The code was removed from the public domain following its adoption into a proprietary ETL toolkit.
The documentation has been left for users to explore and discuss.
Hospitals submit annual worksheets detailing their FY cost center data. CMS then tabulates this data into HCRIS. Each worksheet comprises lined items, and each line comprises multiple columns. Each column corresponds to a response that is alphanumeric or purely numeric. The worksheet responses are tabulated and distributed among three raw data sets. It may be helpful to think of the data set as coordinate data.
Headers (or column names) can be found in the data dictionary or readme.text. The CMS readme.txt states that Worksheet Code, Line Number, Column Number contain trailing or leading zeroes and must not be trimmed.
The following imports the raw data into data frames, then merges the data frames into a combined table. Additionally, facility details were pulled from CMS and merged. From there, we can further prepare the data for export.
These scripts will accept raw CMS Cost Report data from the HCRIS (Healthcare Cost Report Information System). They produce a dataframe combining the data, and hospital identifying information from CMS. Functions have been provided to count or sort the dataframe.
Please download necessary HOSPITAL-2010 data sets from CMS HCRIS (https://www.cms.gov/Research-Statistics-Data-and-Systems/Downloadable-Public-Use-Files/Cost-Reports/Cost-Reports-by-Fiscal-Year). Extract files into your working directory, then set the working directory path in both scripts.
NOTE: Resulting data will be large (>3GB). Ensure you have adequate storage space and memory to accomodate these efforts. Expect 2-3GB required for each additional dataframe generated.
5304 unique Provider Number identifiers (PRVDR_NUM)
0 invalid entries (NaN)
5366 unique reports (RPT_REC_NUM)
0 invalid entries (NaN)
An individual hospital must resubmit a report if the FY changes or CHange of OWnership (CHOW).
Reports may also be submitted in error. CMS tries to eliminate such additional reports (per readme.txt).
AdventHealth Orlando (Orlando, FL) 2791
New York-Presbyterian Hospital (New York, NY) 2334
Orlando Health (Orlando, FL) 1600
Jackson Health System (Miami, FL) 1504
Norton Hospitals, Inc (Louisville, KY) 1465
Baptist Medical Center (San Antonio, TX) 1451
Montefiore Medical Center (Bronx, NY) 1426
St Josephs Hospital (Tampa, FL) 1382
Cleveland Clinic (Cleveland, OH) 1326
Yale-New Haven Hospital (New Haven, CT) 1306
West River Regional Medical Center-CAH (Hettinger, ND) 3601
Annually, data will be pulled from HCRIS and imported for cleaning and analysis.
Header info will not change until form 2552-10 is discontinued. New header info can be extracted with regex from the SQL description text.

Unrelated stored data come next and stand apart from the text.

lemma psi_transfer_from_zero:
  assumes "\<beta> > 0" "r \<ge> 0"
  obtains \<epsilon> where "0 < \<epsilon>" "\<epsilon> \<le> 1/6"
    "\<And>x c. 1/3 \<le> x \<Longrightarrow> x \<le> 1 \<Longrightarrow> c \<le> 3*r/2 \<Longrightarrow>
      psi \<beta> \<epsilon> + psi \<beta> (x - \<epsilon>) + c*\<epsilon> < psi \<beta> x"
proof
  \<comment> \<open>small enough that the entropy \<epsilon> ln (3\<epsilon>) / \<beta> \<le> -(2+2r)\<epsilon> outweighs all linear terms\<close>
  define \<epsilon> where "\<epsilon> = exp (-\<beta>*(2+2*r)) / 6"
  have "exp (-\<beta>*(2+2*r)) \<le> 1"
    using assms by simp
  then show \<epsilon>_le: "\<epsilon> \<le> 1/6"
    unfolding \<epsilon>_def by simp
  show \<epsilon>_pos: "0 < \<epsilon>"
    unfolding \<epsilon>_def by simp
  fix x c :: real
  assume x: "1/3 \<le> x" "x \<le> 1" and c: "c \<le> 3*r/2"
  have x_\<epsilon>: "0 < x - \<epsilon>"
    using x \<epsilon>_le by linarith
  have "ln (3*\<epsilon>) = -\<beta>*(2+2*r) - ln 2"
    unfolding \<epsilon>_def by (simp add: ln_div)
  then have emptied: "\<epsilon> * ln (3*\<epsilon>) \<le> \<epsilon> * (-\<beta>*(2+2*r))"
    using \<epsilon>_pos by (intro mult_left_mono) auto
  have "(x - \<epsilon>) * ln (3*(x - \<epsilon>)) \<le> (x - \<epsilon>) * ln (3*x)"
    using x_\<epsilon> \<epsilon>_pos by (intro mult_left_mono) auto
  also have "\<dots> \<le> x * ln (3*x)"
    using x \<epsilon>_pos by (intro mult_right_mono) auto
  finally have donor: "(x - \<epsilon>) * ln (3*(x - \<epsilon>)) \<le> x * ln (3*x)" .
  define L where "L = \<epsilon> * ln (3*\<epsilon>) + (x - \<epsilon>) * ln (3*(x - \<epsilon>)) - x * ln (3*x)"
  have "(1/\<beta>) * L \<le> (1/\<beta>) * (\<epsilon> * (-\<beta>*(2+2*r)))"
    using emptied donor assms(1) unfolding L_def by (intro mult_left_mono) auto
  also have "\<dots> = -2*\<epsilon> - 2*(r*\<epsilon>)"
    using assms(1) by (simp add: algebra_simps)
  finally have entropy: "(1/\<beta>) * L \<le> -2*\<epsilon> - 2*(r*\<epsilon>)" .
  have "psi \<beta> \<epsilon> + psi \<beta> (x - \<epsilon>) - psi \<beta> x = (1/\<beta>) * L + 3/2*(\<epsilon>*x) - 3/2*\<epsilon>\<^sup>2"
    unfolding psi_def L_def by (simp add: power2_eq_square algebra_simps)
  moreover have "\<epsilon>*x \<le> \<epsilon>" "c*\<epsilon> \<le> 3/2*(r*\<epsilon>)" "0 \<le> \<epsilon>\<^sup>2" "0 \<le> r*\<epsilon>"
    using x c \<epsilon>_pos assms(2) by (auto intro: mult_right_mono)
  ultimately show "psi \<beta> \<epsilon> + psi \<beta> (x - \<epsilon>) + c*\<epsilon> < psi \<beta> x"
    using entropy \<epsilon>_pos by linarith
qed

lemma Fb_minimizer_x0_pos:
  assumes "\<beta> > 0" "r \<ge> 0" "Fb_minimizer \<beta> r (a, b)"
  shows "1-a-b > 0"
proof (rule ccontr)
  have no_heavy: False if min: "Fb_minimizer \<beta> r (p, q)" and "q = 1 - p" "1/2 \<le> p" for p q
  proof -
    obtain \<epsilon> where \<epsilon>: "0 < \<epsilon>" "\<epsilon> \<le> 1/6"
      and transfer: "\<And>x c. 1/3 \<le> x \<Longrightarrow> x \<le> 1 \<Longrightarrow> c \<le> 3*r/2 \<Longrightarrow>
        psi \<beta> \<epsilon> + psi \<beta> (x - \<epsilon>) + c*\<epsilon> < psi \<beta> x"
      using psi_transfer_from_zero[OF assms(1,2)] by blast
    have "psi \<beta> \<epsilon> + psi \<beta> (p - \<epsilon>) + 3*r/2*\<epsilon> < psi \<beta> p"
      using transfer[of p "3*r/2"] Fb_minimizer_nonneg[OF min] that(2,3) by simp
    moreover have "Fb \<beta> (p - \<epsilon>, q) r - Fb \<beta> (p, q) r
        = psi \<beta> \<epsilon> + psi \<beta> (p - \<epsilon>) + 3*r/2*\<epsilon> - psi \<beta> p"
      unfolding Fb_coords \<open>q = 1 - p\<close> by (simp add: field_simps)
    ultimately have "Fb \<beta> (p - \<epsilon>, q) r < Fb \<beta> (p, q) r"
      by linarith
    moreover have "(p - \<epsilon>, q) \<in> Xi"
      using min that(2,3) \<epsilon> unfolding Fb_minimizer_def Xi_def by auto
    ultimately show False
      using Fb_minimizer_le[OF min, of "(p - \<epsilon>, q)"] by simp
  qed
  assume "\<not> 1-a-b > 0"
  then have "b = 1 - a"
    using Fb_minimizer_nonneg[OF assms(3)] by simp
  then consider "1/2 \<le> a" "b = 1 - a" | "1/2 \<le> b" "a = 1 - b"
    by linarith
  then show False
    using no_heavy[OF assms(3)] no_heavy[OF Fb_minimizer_swap[OF assms(3)]] by cases
qed

lemma Fb_minimizer_x1_pos:
  assumes "\<beta> > 0" "r \<ge> 0" "Fb_minimizer \<beta> r (a, b)"
  shows "a > 0"
proof (rule ccontr)
  obtain \<epsilon> where \<epsilon>: "0 < \<epsilon>" "\<epsilon> \<le> 1/6"
    and transfer: "\<And>x c. 1/3 \<le> x \<Longrightarrow> x \<le> 1 \<Longrightarrow> c \<le> 3*r/2 \<Longrightarrow>
      psi \<beta> \<epsilon> + psi \<beta> (x - \<epsilon>) + c*\<epsilon> < psi \<beta> x"
    using psi_transfer_from_zero[OF assms(1,2)] by blast
  have nonneg: "b \<ge> 0" "1-a-b \<ge> 0"
    using Fb_minimizer_nonneg[OF assms(3)] by auto
  assume "\<not> a > 0"
  then have a: "a = 0"
    using Fb_minimizer_nonneg[OF assms(3)] by simp
  obtain a' b' where better: "(a', b') \<in> Xi" "Fb \<beta> (a', b') r < Fb \<beta> (a, b) r"
  proof (cases "1/2 \<le> b")
    case True
    have "psi \<beta> \<epsilon> + psi \<beta> (b - \<epsilon>) + 0*\<epsilon> < psi \<beta> b"
      using transfer[of b 0] True nonneg a assms(2) by simp
    then have "Fb \<beta> (\<epsilon>, b - \<epsilon>) r < Fb \<beta> (a, b) r"
      unfolding Fb_coords a by (simp add: algebra_simps)
    moreover have "(\<epsilon>, b - \<epsilon>) \<in> Xi"
      using True \<epsilon> nonneg a unfolding Xi_def by auto
    ultimately show thesis
      using that by blast
  next
    case False
    have "psi \<beta> \<epsilon> + psi \<beta> ((1-b) - \<epsilon>) + (-3*r/2)*\<epsilon> < psi \<beta> (1-b)"
      using transfer[of "1-b" "-3*r/2"] False nonneg a assms(2) by simp
    moreover have "Fb \<beta> (\<epsilon>, b) r - Fb \<beta> (a, b) r
        = psi \<beta> \<epsilon> + psi \<beta> ((1-b) - \<epsilon>) + (-3*r/2)*\<epsilon> - psi \<beta> (1-b)"
      unfolding Fb_coords a by (simp add: field_simps)
    ultimately have "Fb \<beta> (\<epsilon>, b) r < Fb \<beta> (a, b) r"
      by linarith
    moreover have "(\<epsilon>, b) \<in> Xi"
      using False \<epsilon> nonneg a unfolding Xi_def by auto
    ultimately show thesis
      using that by blast
  qed
  then show False
    using Fb_minimizer_le[OF assms(3) better(1)] better(2) by linarith
qed

lemma Fb_minimizer_interior:
  assumes "\<beta> > 0" "r \<ge> 0" "Fb_minimizer \<beta> r (a, b)"
  shows "a > 0" "b > 0" "1-a-b > 0"
  using Fb_minimizer_x1_pos[OF assms] Fb_minimizer_x0_pos[OF assms]
    Fb_minimizer_x1_pos[OF assms(1,2) Fb_minimizer_swap[OF assms(3)]] by auto

lemma Fb_minimizer_stationary:
  assumes "\<beta> > 0" "Fb_minimizer \<beta> r (a, b)" and pos: "a > 0" "b > 0" "1-a-b > 0"
  shows "Gb \<beta> a - Gb \<beta> (1-a-b) = 3*r/2"
proof -
  define C where "C = (ln 3 + 1) / \<beta>"
  define g where "g s = Fb \<beta> (a + s, b) r" for s
  have g_eq: "g = (\<lambda>s. psi \<beta> (1-a-b - s) + psi \<beta> (a + s) + psi \<beta> b
      + r*(1-a-b - s) - r/2*(a + s + b) + 1/4)"
    unfolding g_def Fb_coords by (simp add: algebra_simps)
  have "((\<lambda>s. 1-a-b - s) has_real_derivative -1) (at 0)" "((\<lambda>s. a + s) has_real_derivative 1) (at 0)"
    by (auto intro!: derivative_eq_intros)
  from this[THEN psi_has_real_derivative_comp, of \<beta>]
  have d0: "((\<lambda>s. psi \<beta> (1-a-b - s)) has_real_derivative (Gb \<beta> (1-a-b) + C) * -1) (at 0)"
    and d1: "((\<lambda>s. psi \<beta> (a + s)) has_real_derivative (Gb \<beta> a + C) * 1) (at 0)"
    using pos unfolding C_def by simp_all
  have deriv: "(g has_real_derivative (Gb \<beta> (1-a-b) + C) * -1 + (Gb \<beta> a + C) * 1 - r - r/2) (at 0)"
    unfolding g_eq by (rule derivative_eq_intros d0 d1 refl | simp)+
  have local_min: "\<forall>s. \<bar>0 - s\<bar> < min a (1-a-b) \<longrightarrow> g 0 \<le> g s"
    using Fb_minimizer_le[OF assms(2)] pos unfolding g_def Xi_def by (auto simp: abs_less_iff)
  have "(Gb \<beta> (1-a-b) + C) * -1 + (Gb \<beta> a + C) * 1 - r - r/2 = 0"
    using DERIV_local_min[OF deriv _ local_min] pos by simp
  then show ?thesis
    by simp
qed

lemma Fb_minimizer_x0_le:
  assumes "r > 0" "Fb_minimizer \<beta> r (a, b)"
  shows "1-a-b \<le> a"
proof (rule ccontr)
  assume "\<not> 1-a-b \<le> a"
  then have "3*r/2 * (2*a + b - 1) < 0"
    using assms(1) by (intro mult_pos_neg) auto
  then have "Fb \<beta> (1-a-b, b) r < Fb \<beta> (a, b) r"
    using Fb_exchange_x0_x1[of \<beta> a b r] by simp
  moreover have "(1-a-b, b) \<in> Xi"
    using Fb_minimizer_nonneg[OF assms(2)] unfolding Xi_def by auto
  ultimately show False
    using Fb_minimizer_le[OF assms(2), of "(1-a-b, b)"] by simp
qed

lemma Fb_minimizer_off_diagonal:
  assumes "\<beta> > 2" "r > 0" "Fb_minimizer \<beta> r (a, b)"
  shows "a \<noteq> b"
proof
  assume "a = b"
  have a_third: "1/3 \<le> a"
    using Fb_minimizer_x0_le[OF assms(2,3)] \<open>a = b\<close> by simp
  define t where "t = (a - lb \<beta>) / 2"
  have "lb \<beta> < a"
    using a_third lb_less_third[OF assms(1)] by linarith
  then have t: "0 < t" "lb \<beta> \<le> a - t"
    unfolding t_def by (auto simp: field_simps)
  have "Fb \<beta> (a + t, a - t) r - Fb \<beta> (a, a) r = psi \<beta> (a + t) + psi \<beta> (a - t) - 2 * psi \<beta> a"
    unfolding Fb_coords by (simp add: algebra_simps)
  then have "Fb \<beta> (a + t, a - t) r < Fb \<beta> (a, b) r"
    using psi_strict_concave_right[of \<beta> a t] t assms(1) \<open>a = b\<close> by simp
  moreover have "(a + t, a - t) \<in> Xi"
    using Fb_minimizer_nonneg[OF assms(3)] t lb_pos[of \<beta>] assms(1) \<open>a = b\<close>
    unfolding Xi_def by auto
  ultimately show False
    using Fb_minimizer_le[OF assms(3), of "(a + t, a - t)"] by simp
qed

lemma Fb_minimizer_ordered:
  assumes "\<beta> > 2" "r > 0" "Fb_minimizer \<beta> r (a, b)" "a < b"
  shows "y2_condition \<beta> r (Gb \<beta> a)" "Hb \<beta> (Gb \<beta> a) = a" "Kb \<beta> (Gb \<beta> a) = b"
proof -
  have \<beta>: "\<beta> > 0"
    using assms(1) by simp
  have pos: "a > 0" "b > 0" "1-a-b > 0"
    using Fb_minimizer_interior[OF \<beta> _ assms(3)] assms(2) by simp_all
  have "Gb \<beta> a - Gb \<beta> (1-a-b) = 3*r/2" "Gb \<beta> b - Gb \<beta> (1-b-a) = 3*r/2"
    using Fb_minimizer_stationary[OF \<beta> assms(3) pos]
      Fb_minimizer_stationary[OF \<beta> Fb_minimizer_swap[OF assms(3)]] pos by simp_all
  then have G: "Gb \<beta> b = Gb \<beta> a" "Gb \<beta> (1-a-b) = Gb \<beta> a - 3*r/2"
    by (simp_all add: algebra_simps)
  \<comment> \<open>Two distinct points with the same value of Gb lie on opposite sides of its maximum at lb.\<close>
  have a_lb: "a < lb \<beta>"
    using Gb_right_less_iff[OF \<beta>, of a b] G(1) assms(4) by (cases "a < lb \<beta>") auto
  have b_lb: "lb \<beta> < b"
    using Gb_left_less_iff[OF \<beta>, of b a] G(1) assms(4) pos by (cases "lb \<beta> < b") auto
  show Ha: "Hb \<beta> (Gb \<beta> a) = a"
    using Hb_eq[OF \<beta>] a_lb pos by simp
  show Kb: "Kb \<beta> (Gb \<beta> a) = b"
    using Kb_eq[OF \<beta> b_lb G(1)] .
  have "Hb \<beta> (Gb \<beta> a - 3 * r / 2) = 1-a-b"
    using Hb_eq[OF \<beta> _ _ G(2)] Fb_minimizer_x0_le[OF assms(2,3)] a_lb pos by simp
  moreover have "Gb \<beta> a \<le> gb \<beta>"
    using Gb_less_gb[OF \<beta>, of a] a_lb pos by simp
  ultimately show "y2_condition \<beta> r (Gb \<beta> a)"
    unfolding y2_condition_def using Ha Kb by simp
qed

Further, new accompanying documentation can be compared iteratively, line-by-line to generate preliminary changelog texts. An initial scan of this rough text provides insight into potential accomodations to investigate. Further documentation from CMS on major updates should be considered.
I would need to investigate ways to reduce the size of the combined data set. I have removed NaN values from the NMRC set in the code; and created a dataframe from the combined_data ALPHNMRC_ITM_TXT values to filter out white space and empty strings but could find no such values. I would estimate a decade-long dataset to require 35GB per decade. Earlier years will have less data while future years will have more than that estimate.
This kind of reporting could be applied to other forms reported to CMS. If different forms use different data structures, we will need to refer to the documentation for the model and header info.
Additionally, these responses are not correlated with questions making the data inaccessible to less technical users. One alternative would be to extract form data and create a new table containing the full text of the question found at a worksheet/line/column coordinate. However, forms would need to be scraped and compared, as question/response wording and coordinates may vary year to year.